A Medical Device Daily

Diagnostic Products (Los Angeles) and Thermo Electron (Waltham, Massachusetts) reported that they have entered into an agreement for the co-development of a new, high-throughput clinical chemistry platform.

That platform will integrate with DPC’s future immunochemistry platforms, and it will be suited for the medium and large-volume laboratories both in the hospital and private laboratory segments. The combination of DPC’s broad experience in immunochemistry with Thermo’s clinical chemistry and automation expertise is expected to provide clinical laboratories with a comprehensive diagnostic test solution that will automate most of their routine testing needs.

“This new development agreement extends the current relationship between Thermo and DPC to a new level,” said Lew Rosenblum, president of clinical diagnostics at Thermo Electron. “The existing distribution agreements, which were put in place in 2004 and cover Thermo’s current clinical chemistry and automation products, have already generated excellent results in many European markets.”

He added that partnering with DPC also provides Thermo with access to “the excellent distribution network that they have established throughout the world and will help ensure the global success of the new system.”

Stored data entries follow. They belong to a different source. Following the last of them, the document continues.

(* Let $k \geq \ell \geq 2$, $k \geq 3$, $n > k+\ell$. Suppose $\mathcal F \subset \binom{[n]}{k}$ and $\mathcal G \subset \binom{[2\ell]}{\ell}$ are non-trivial and cross-intersecting. Then $$|\mathcal F| + |\mathcal G| \leq h(n,k,\ell) := \binom{n}{k} - 2\binom{n-\ell}{k} + \binom{n-2\ell}{k} + 2,$$ and the inequality is strict unless $|\mathcal G| = 2$.
   Context: Families are cross-intersecting if every member of one meets every member of the other; a non-empty family is non-trivial if the intersection of all its members is empty. $\binom{[2\ell]}{\ell}$ is the set of $\ell$-subsets of $\{1,\dots,2\ell\}$. *)

theory Defs
  imports Main
begin

definition cross_intersecting :: "'a set set \<Rightarrow> 'a set set \<Rightarrow> bool" where
  "cross_intersecting F G \<longleftrightarrow> (\<forall>A\<in>F. \<forall>B\<in>G. A \<inter> B \<noteq> {})"

definition non_trivial :: "'a set set \<Rightarrow> bool" where
  "non_trivial F \<longleftrightarrow> F \<noteq> {} \<and> \<Inter> F = {}"

definition h :: "nat \<Rightarrow> nat \<Rightarrow> nat \<Rightarrow> int" where
  "h n k l = int (n choose k) - 2 * int ((n - l) choose k) + int ((n - 2*l) choose k) + 2"

end

theory Submission
  imports Defs
begin
(* There exists a unique $\mu_{\mathrm{cr}}>0$ such that: (a) the problem $(\dot w_p/H_p^3)_p-\mu\rho_p\dot w=0$ on $(-1,0)$, $\dot w(-1)=0$, $-\dot w_p(0)/H_p(0)^3+\mu\rho(0)\dot w(0)=0$ has a nontrivial solution $\dot w$ for $\mu=\mu_{\mathrm{cr}}$, and one can take $\dot w=\Phi(\cdot;\mu_{\mathrm{cr}})$; (b) if $0\le\mu\le\mu_{\mathrm{cr}}$, then $\Phi(p;\mu)>0$ for $-1<p\le0$ and $\Phi_p(p;\mu)>0$ for $-1\le p\le0$; (c) for $0\le\mu<\mu_{\mathrm{cr}}$, $A(\mu)<0$.
   Context: Fix $\alpha\in(0,1)$, $\rho\in C^{2+\alpha}([-1,0])$ with $\rho>0$ and $\rho_p\le0$, and $H\in C^{3+\alpha}([-1,0])$ with $H_p>0$. For $\mu\ge0$, $\Phi(\cdot;\mu)$ denotes the solution of the initial value problem $(\Phi_p/H_p^3)_p-\mu\rho_p\Phi=0$ on $(-1,0)$, $\Phi(-1)=0$, $\Phi_p(-1)=1$, and $A(\mu):=-\Phi_p(0;\mu)/H_p(0)^3+\mu\rho(0)\Phi(0;\mu)$. *)

theory Defs
  imports "HOL-Analysis.Analysis"
begin

definition holder_on :: "real \<Rightarrow> real set \<Rightarrow> (real \<Rightarrow> real) \<Rightarrow> bool" where
  "holder_on a S f \<longleftrightarrow> (\<exists>C. \<forall>x\<in>S. \<forall>y\<in>S. \<bar>f x - f y\<bar> \<le> C * \<bar>x - y\<bar> powr a)"

definition C_k_alpha :: "nat \<Rightarrow> real \<Rightarrow> real set \<Rightarrow> (real \<Rightarrow> real) \<Rightarrow> bool" where
  "C_k_alpha k a S f \<longleftrightarrow>
     (\<exists>D :: nat \<Rightarrow> real \<Rightarrow> real.
        (\<forall>x\<in>S. D 0 x = f x) \<and>
        (\<forall>i<k. \<forall>x\<in>S. (D i has_real_derivative D (Suc i) x) (at x within S)) \<and>
        holder_on a S (D k))"

text \<open>(Phi, Phi') solves on [-1,0] the initial value problem
  (Phi_p / H_p^3)_p - mu rho_p Phi = 0,  Phi(-1) = 0,  Phi_p(-1) = 1.
  Here Hp and rhop denote the derivatives H_p and rho_p.\<close>
definition is_Phi :: "(real \<Rightarrow> real) \<Rightarrow> (real \<Rightarrow> real) \<Rightarrow> real
                      \<Rightarrow> (real \<Rightarrow> real) \<Rightarrow> (real \<Rightarrow> real) \<Rightarrow> bool" where
  "is_Phi Hp rhop mu Phi Phi' \<longleftrightarrow>
     Phi (-1) = 0 \<and> Phi' (-1) = 1 \<and>
     (\<forall>x\<in>{-1..0}. (Phi has_real_derivative Phi' x) (at x within {-1..0})) \<and>
     (\<forall>x\<in>{-1..0}. ((\<lambda>p. Phi' p / Hp p ^ 3) has_real_derivative mu * rhop x * Phi x)
                     (at x within {-1..0}))"

text \<open>The solution Phi(.;mu) together with its derivative Phi_p(.;mu), normalised to 0
  outside [-1,0] so that it is uniquely determined.\<close>
definition Phi_pair :: "(real \<Rightarrow> real) \<Rightarrow> (real \<Rightarrow> real) \<Rightarrow> real
                        \<Rightarrow> (real \<Rightarrow> real) \<times> (real \<Rightarrow> real)" where
  "Phi_pair Hp rhop mu = (THE (Phi, Phi'). is_Phi Hp rhop mu Phi Phi' \<and>
       (\<forall>x. x \<notin> {-1..0} \<longrightarrow> Phi x = 0 \<and> Phi' x = 0))"

definition Phi :: "(real \<Rightarrow> real) \<Rightarrow> (real \<Rightarrow> real) \<Rightarrow> real \<Rightarrow> real \<Rightarrow> real" where
  "Phi Hp rhop mu = fst (Phi_pair Hp rhop mu)"

definition Phi_p :: "(real \<Rightarrow> real) \<Rightarrow> (real \<Rightarrow> real) \<Rightarrow> real \<Rightarrow> real \<Rightarrow> real" where
  "Phi_p Hp rhop mu = snd (Phi_pair Hp rhop mu)"

definition A_fun :: "(real \<Rightarrow> real) \<Rightarrow> (real \<Rightarrow> real) \<Rightarrow> (real \<Rightarrow> real) \<Rightarrow> real \<Rightarrow> real" where
  "A_fun Hp rho rhop mu = - Phi_p Hp rhop mu 0 / Hp 0 ^ 3 + mu * rho 0 * Phi Hp rhop mu 0"

definition is_bvp_sol :: "(real \<Rightarrow> real) \<Rightarrow> (real \<Rightarrow> real) \<Rightarrow> (real \<Rightarrow> real) \<Rightarrow> real
                          \<Rightarrow> (real \<Rightarrow> real) \<Rightarrow> (real \<Rightarrow> real) \<Rightarrow> bool" where
  "is_bvp_sol Hp rho rhop mu w w' \<longleftrightarrow>
     w (-1) = 0 \<and> - w' 0 / Hp 0 ^ 3 + mu * rho 0 * w 0 = 0 \<and>
     (\<forall>x\<in>{-1..0}. (w has_real_derivative w' x) (at x within {-1..0})) \<and>
     (\<forall>x\<in>{-1..0}. ((\<lambda>p. w' p / Hp p ^ 3) has_real_derivative mu * rhop x * w x)
                     (at x within {-1..0}))"

end

theory Submission
  imports Defs
begin

text \<open>
  With the flux u = Phi_p / H_p^3 the equation becomes the planar system Phi' = H_p^3 u,
  u' = mu rho_p Phi, with Phi(-1) = 0 and u(-1) = 1 / H_p(-1)^3. A Gronwall estimate for
  this system gives existence (by Picard iteration), uniqueness, and Lipschitz dependence of
  (Phi, u) on mu. Call mu admissible if u > 0 on [-1, 0] and A(mu) < 0. Then mu = 0 is
  admissible, large mu are not, and admissibility is an open condition. At the first
  inadmissible value mu_cr continuity gives u \<ge> 0 and A(mu_cr) \<le> 0. Since rho_p \<le> 0,
  u is nonincreasing, so a zero of u would give u(0) = 0 < Phi(0) and hence A(mu_cr) > 0.
  Thus u > 0 and A(mu_cr) = 0; uniqueness holds because A < 0 on [0, mu_cr).
\<close>

section \<open>Monotonicity and a Gronwall estimate\<close>

lemma DERIV_within_nonpos_imp_decreasing:
  fixes f f' :: "real \<Rightarrow> real"
  assumes deriv: "\<forall>x\<in>{a..b}. (f has_real_derivative f' x) (at x within {a..b})"
    and nonpos: "\<forall>x\<in>{a..b}. f' x \<le> 0" and st: "a \<le> s" "s \<le> t" "t \<le> b"
  shows "f t \<le> f s"
proof (rule DERIV_nonpos_imp_decreasing_open[OF \<open>s \<le> t\<close>])
  show "continuous_on {s..t} f"
    using DERIV_continuous_on[of "{a..b}" f f'] deriv st by (auto intro: continuous_on_subset)
  fix x assume "s < x" "x < t"
  with st have "at x within {a..b} = at x" "x \<in> {a..b}" by (auto intro: at_within_Icc_at)
  then show "\<exists>y. DERIV f x :> y \<and> y \<le> 0" using deriv nonpos by force
qed

lemma DERIV_within_nonneg_imp_increasing:
  fixes f f' :: "real \<Rightarrow> real"
  assumes "\<forall>x\<in>{a..b}. (f has_real_derivative f' x) (at x within {a..b})"
    and "\<forall>x\<in>{a..b}. f' x \<ge> 0" and "a \<le> s" "s \<le> t" "t \<le> b"
  shows "f s \<le> f t"
proof -
  have "(\<lambda>x. - f x) t \<le> (\<lambda>x. - f x) s"
    by (rule DERIV_within_nonpos_imp_decreasing[where f'="\<lambda>x. - f' x"])
      (use assms in \<open>auto intro!: derivative_eq_intros\<close>)
  then show ?thesis by simp
qed

lemma DERIV_within_pos_imp_strict_increasing:
  fixes f f' :: "real \<Rightarrow> real"
  assumes deriv: "\<forall>x\<in>{a..b}. (f has_real_derivative f' x) (at x within {a..b})"
    and pos: "\<forall>x\<in>{a..b}. f' x > 0" and st: "a \<le> s" "s < t" "t \<le> b"
  shows "f s < f t"
proof (rule DERIV_pos_imp_increasing_open[OF \<open>s < t\<close>])
  show "continuous_on {s..t} f"
    using DERIV_continuous_on[of "{a..b}" f f'] deriv st by (auto intro: continuous_on_subset)
  fix x assume "s < x" "x < t"
  with st have "at x within {a..b} = at x" "x \<in> {a..b}" by (auto intro: at_within_Icc_at)
  then show "\<exists>y. DERIV f x :> y \<and> y > 0" using deriv pos by force
qed

lemma DERIV_within_zero_imp_constant:
  fixes f :: "real \<Rightarrow> real"
  assumes "\<forall>x\<in>{a..b}. (f has_real_derivative 0) (at x within {a..b})" and "x \<in> {a..b}"
  shows "f x = f a"
  using DERIV_within_nonpos_imp_decreasing[of a b f "\<lambda>_. 0" a x]
    DERIV_within_nonneg_imp_increasing[of a b f "\<lambda>_. 0" a x] assms
  by fastforce
(* Let $P$ be a finite nonempty set of points lying in a single quadrant $Q$ with respect to the origin $s$, and let $e\ne s$ be such that the line $\overline{se}$ is not in the quadrant $Q$. Then, with $d^{\max}=\max_{p\in P} d(p,\overline{se})$, $$d^{\max} \ge \max\Big\{ \min\{d(l_1,\overline{se}),d(l_2,\overline{se})\},\ \min\{d(u_1,\overline{se}),d(l_2,\overline{se})\},\ \text{the third largest of } d(c_1,\overline{se}),\dots,d(c_4,\overline{se})\Big\},$$ and for every $p\in P$, $$d(p,\overline{se}) \le \max_{i\in\{1,2,3,4\}} d(c_i,\overline{se}).$$
   Context: Bounded Quadrant System (BQS) setup. Points are in the plane with UTM-projected $x$ and $y$ axes, and the start point $s$ is taken as the origin. For a point $p\ne s$, $\theta(p)\in[0,2\pi)$ is the angle between the positive $x$ axis and the vector from $s$ to $p$; $\theta_{s,e}=\theta(e)$. The four quadrants are $Q_k=\{p\neq s: (k-1)\pi/2 \le \theta(p) < k\pi/2\}$, $k=1,\dots,4$; quadrant $Q_k$ has angle range $[\theta^Q_{start},\theta^Q_{end}) = [(k-1)\pi/2,k\pi/2)$. A line $\overline{se}$ is "in" quadrant $Q$ if $\theta^Q_{start}\le \theta_{s,e}<\theta^Q_{end}$. For a finite nonempty $P\subset Q$: the bounding box is the smallest closed axis-parallel rectangle containing $P$, with corners $c_1,\dots,c_4$. $\theta_{lb}=\min_{p\in P}\theta(p)$ and $\theta_{ub}=\max_{p\in P}\theta(p)$; the lower (resp. upper) bounding line is the ray from $s$ at angle $\theta_{lb}$ (resp. $\theta_{ub}$). $l_1,l_2$ are the intersection points of the lower bounding line with the boundary of the bounding box and $u_1,u_2$ those of the upper bounding line, with index 1 the intersection nearer to $s$ (they may coincide). $d(p,\overline{se})$ is the Euclidean distance from the point $p$ to the line segment from $s$ to $e$. *)

theory Defs
  imports "HOL-Analysis.Analysis"
begin

type_synonym pt = "real \<times> real"

text \<open>Angle of the vector from the origin s = (0,0) to p, in [0, 2 pi).\<close>
definition theta :: "pt \<Rightarrow> real" where
  "theta p = Arg2pi (Complex (fst p) (snd p))"

definition in_quadrant :: "nat \<Rightarrow> pt \<Rightarrow> bool" where
  "in_quadrant k p \<longleftrightarrow> p \<noteq> 0 \<and> (real k - 1) * pi / 2 \<le> theta p \<and> theta p < real k * pi / 2"

definition line_in_quadrant :: "nat \<Rightarrow> pt \<Rightarrow> bool" where
  "line_in_quadrant k e \<longleftrightarrow> (real k - 1) * pi / 2 \<le> theta e \<and> theta e < real k * pi / 2"

definition seg_dist :: "pt \<Rightarrow> pt \<Rightarrow> real" where
  "seg_dist e p = infdist p (closed_segment 0 e)"

definition xmin :: "pt set \<Rightarrow> real" where "xmin P = Min (fst ` P)"
definition xmax :: "pt set \<Rightarrow> real" where "xmax P = Max (fst ` P)"
definition ymin :: "pt set \<Rightarrow> real" where "ymin P = Min (snd ` P)"
definition ymax :: "pt set \<Rightarrow> real" where "ymax P = Max (snd ` P)"

definition bbox :: "pt set \<Rightarrow> pt set" where
  "bbox P = {q. xmin P \<le> fst q \<and> fst q \<le> xmax P \<and> ymin P \<le> snd q \<and> snd q \<le> ymax P}"

definition corners :: "pt set \<Rightarrow> pt list" where
  "corners P = [(xmin P, ymin P), (xmax P, ymin P), (xmax P, ymax P), (xmin P, ymax P)]"

definition theta_lb :: "pt set \<Rightarrow> real" where "theta_lb P = Min (theta ` P)"
definition theta_ub :: "pt set \<Rightarrow> real" where "theta_ub P = Max (theta ` P)"

definition ray :: "real \<Rightarrow> pt set" where
  "ray a = {t *\<^sub>R (cos a, sin a) | t. t \<ge> 0}"

text \<open>a (index 1) and b (index 2) are the intersection points of the ray at angle th
  with the boundary of the bounding box, a the one nearer to s, b the farther one.\<close>
definition bound_pts :: "real \<Rightarrow> pt set \<Rightarrow> pt \<Rightarrow> pt \<Rightarrow> bool" where
  "bound_pts th P a b \<longleftrightarrow>
     (let S = ray th \<inter> frontier (bbox P) in
        a \<in> S \<and> b \<in> S \<and> (\<forall>q\<in>S. norm a \<le> norm q \<and> norm q \<le> norm b))"

definition third_largest :: "real list \<Rightarrow> real" where
  "third_largest xs = sort xs ! (length xs - 3)"

end

theory Submission
  imports Defs
begin

text \<open>
  The distance to the segment from \<open>s\<close> to \<open>e\<close> is a convex function vanishing at \<open>s\<close>.
  Convexity bounds it on the bounding box by its values at the corners, and along a ray from \<open>s\<close>
  it grows, so \<open>l1\<close> and \<open>u1\<close> are dominated by the points of \<open>P\<close> of extreme angle.
  Since \<open>e\<close> lies outside the open quadrant containing \<open>P\<close>, the distance also grows as one
  moves away from either axis within that quadrant. Hence the corner combining the far abscissa
  with the near ordinate is dominated by the point of \<open>P\<close> attaining the far abscissa, and
  symmetrically. These two corners are distinct, so one of them carries a value at least the
  third largest of the four.
\<close>

lemma convex_on_infdist:
  fixes S :: "'a::{real_normed_vector,heine_borel} set"
  assumes "convex S" "closed S" "S \<noteq> {}"
  shows "convex_on UNIV (\<lambda>x. infdist x S)"
proof (rule convex_onI)
  fix t :: real and x y :: 'a
  assume t: "0 < t" "t < 1"
  obtain cx where cx: "cx \<in> S" "infdist x S = dist x cx"
    using infdist_attains_inf[OF assms(2,3)] by blast
  obtain cy where cy: "cy \<in> S" "infdist y S = dist y cy"
    using infdist_attains_inf[OF assms(2,3)] by blast
  have "(1 - t) *\<^sub>R cx + t *\<^sub>R cy \<in> S"
    using assms(1) cx(1) cy(1) t unfolding convex_alt by simp
  then have "infdist ((1 - t) *\<^sub>R x + t *\<^sub>R y) S
      \<le> norm ((1 - t) *\<^sub>R (x - cx) + t *\<^sub>R (y - cy))"
    by (rule infdist_le2) (simp add: dist_norm algebra_simps)
  also have "\<dots> \<le> (1 - t) * dist x cx + t * dist y cy"
    using t by (metis norm_triangle_le norm_scaleR abs_of_pos diff_gt_0_iff_gt dist_norm order_refl)
  finally show "infdist ((1 - t) *\<^sub>R x + t *\<^sub>R y) S \<le> (1 - t) * infdist x S + t * infdist y S"
    using cx cy by simp
qed auto

lemma seg_dist_convex: "convex_on UNIV (seg_dist e)"
  unfolding seg_dist_def[abs_def] by (rule convex_on_infdist) auto

lemma seg_dist_0 [simp]: "seg_dist e 0 = 0"
  by (simp add: seg_dist_def)

lemma seg_dist_nonneg: "0 \<le> seg_dist e p"
  by (simp add: seg_dist_def infdist_nonneg)

lemma seg_dist_le_on_segment:
  assumes "q \<in> closed_segment 0 p"
  shows "seg_dist e q \<le> seg_dist e p"
proof -
  obtain u where u: "0 \<le> u" "u \<le> 1" "q = (1 - u) *\<^sub>R 0 + u *\<^sub>R p"
    using assms by (auto simp: closed_segment_def)
  then have "seg_dist e q \<le> (1 - u) * seg_dist e 0 + u * seg_dist e p"
    using convex_onD[OF seg_dist_convex] by blast
  also have "\<dots> \<le> seg_dist e p"
    using u seg_dist_nonneg[of e p] by (simp add: mult_left_le_one_le)
  finally show ?thesis .
qed

lemma convex_on_closed_segment_le_max:
  assumes "convex_on UNIV f" "x \<in> closed_segment a b"
  shows "f x \<le> max (f a) (f b)"
  using convex_on_convex_hull_bound[of "{a, b}" f "max (f a) (f b)"]
    convex_on_subset[OF assms(1)] assms(2) by (simp add: segment_convex_hull)

lemma convex_on_rectangle_le_max:
  fixes f :: "real \<times> real \<Rightarrow> real"
  assumes f: "convex_on UNIV f" and "x0 \<le> x" "x \<le> x1" "y0 \<le> y" "y \<le> y1"
  shows "f (x, y) \<le> max (max (f (x0, y0)) (f (x1, y0))) (max (f (x1, y1)) (f (x0, y1)))"
proof -
  have horizontal: "f (x, y') \<le> max (f (x0, y')) (f (x1, y'))" for y'
    using assms by (intro convex_on_closed_segment_le_max[OF f])
      (simp add: closed_segment_same_snd closed_segment_eq_real_ivl)
  have "f (x, y) \<le> max (f (x, y0)) (f (x, y1))"
    using assms by (intro convex_on_closed_segment_le_max[OF f])
      (simp add: closed_segment_same_fst closed_segment_eq_real_ivl)
  then show ?thesis
    using horizontal[of y0] horizontal[of y1] by linarith
qed

lemma infdist_isometric_image:
  assumes "\<And>x y. dist (g x) (g y) = dist x y"
  shows "infdist (g x) (g ` S) = infdist x S"
  unfolding infdist_def by (simp add: image_comp o_def assms)

lemma seg_dist_linear_isometry:
  assumes "linear g" "\<And>x. norm (g x) = norm x"
  shows "seg_dist (g e) (g p) = seg_dist e p"
proof -
  have "closed_segment 0 (g e) = g ` closed_segment 0 e"
    using closed_segment_linear_image[OF assms(1), of 0 e] linear_0[OF assms(1)] by simp
  moreover have "dist (g x) (g y) = dist x y" for x y
    using assms linear_diff[OF assms(1)] by (metis dist_norm)
  ultimately show ?thesis
    unfolding seg_dist_def by (simp add: infdist_isometric_image)
qed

In other grants/contracts news:

Delphi Medical Systems (Troy, Michigan), entered into an exclusive worldwide licensing agreement with Scroll Labs (Romeoville, Illinois) to obtain a new compressor technology for respiratory applications.

“We licensed this newly designed compressor technology to help us make improved medical devices. The compressor will provide us with proprietary technology that will take respiratory devices to a higher level of performance,” said Christophe Sevrain, managing director of Delphi Medical Systems.

Delphi Medical Systems expects to sign agreements soon for global distribution of the respiratory devices with the new compressor.

Delphi Medical Systems is a provider of technology, products, and product development and manufacturing for respiratory care, IV infusion, vital signs monitoring, dialysis equipment, in vitro diagnostics and surgical / hospital equipment. It is a subsidiary of Delphi Corp.

Novadaq Technologies (Toronto) and the Sorin Group’s (Milan, Italy) CarboMedics unit, which focuses on medical technologies for cardiac surgery, said they have signed a North American agreement to distribute the SPY Intra-operative Imaging (SPY) System, a real-time visual imaging device for use during coronary artery bypass graft surgery (CABG).

Concurrently, Novadaq and Eastman Kodak (Rochester, New York) are finalizing a U.S. service agreement to provide ongoing service and maintenance for the SPY System.

There are more than 400,000 CABG surgeries performed in North America each year. Novadaq said the SPY System is the only procedure that allows real-time visual confirmation of revascularization during CABG surgery thereby allowing bypass graft technical errors to be detected and corrected while the patient is still in the operating room.

Consorta (Schaumburg, Illinois), a group purchasing and resource management organization in the healthcare industry, has awarded a three-year, dual-source agreement for an innovative bowel management system to Zassi Medical Evolutions (Fernandina Beach, Florida).

“This agreement will provide our members with access to a bowel management system that will help them meet the challenges of managing fecal incontinence and helping reduce hospital-acquired infection (HAI) for their seriously ill patients,” said Michael Murphy, manager of medical-surgical contracting for Consorta.

Consorta’s membership, which includes more than 520 acute-care facilities and more than 300 extended-care facilities in the U.S., can expect significant clinical care advantages through the agreement, which becomes effective Aug. 1, the company said.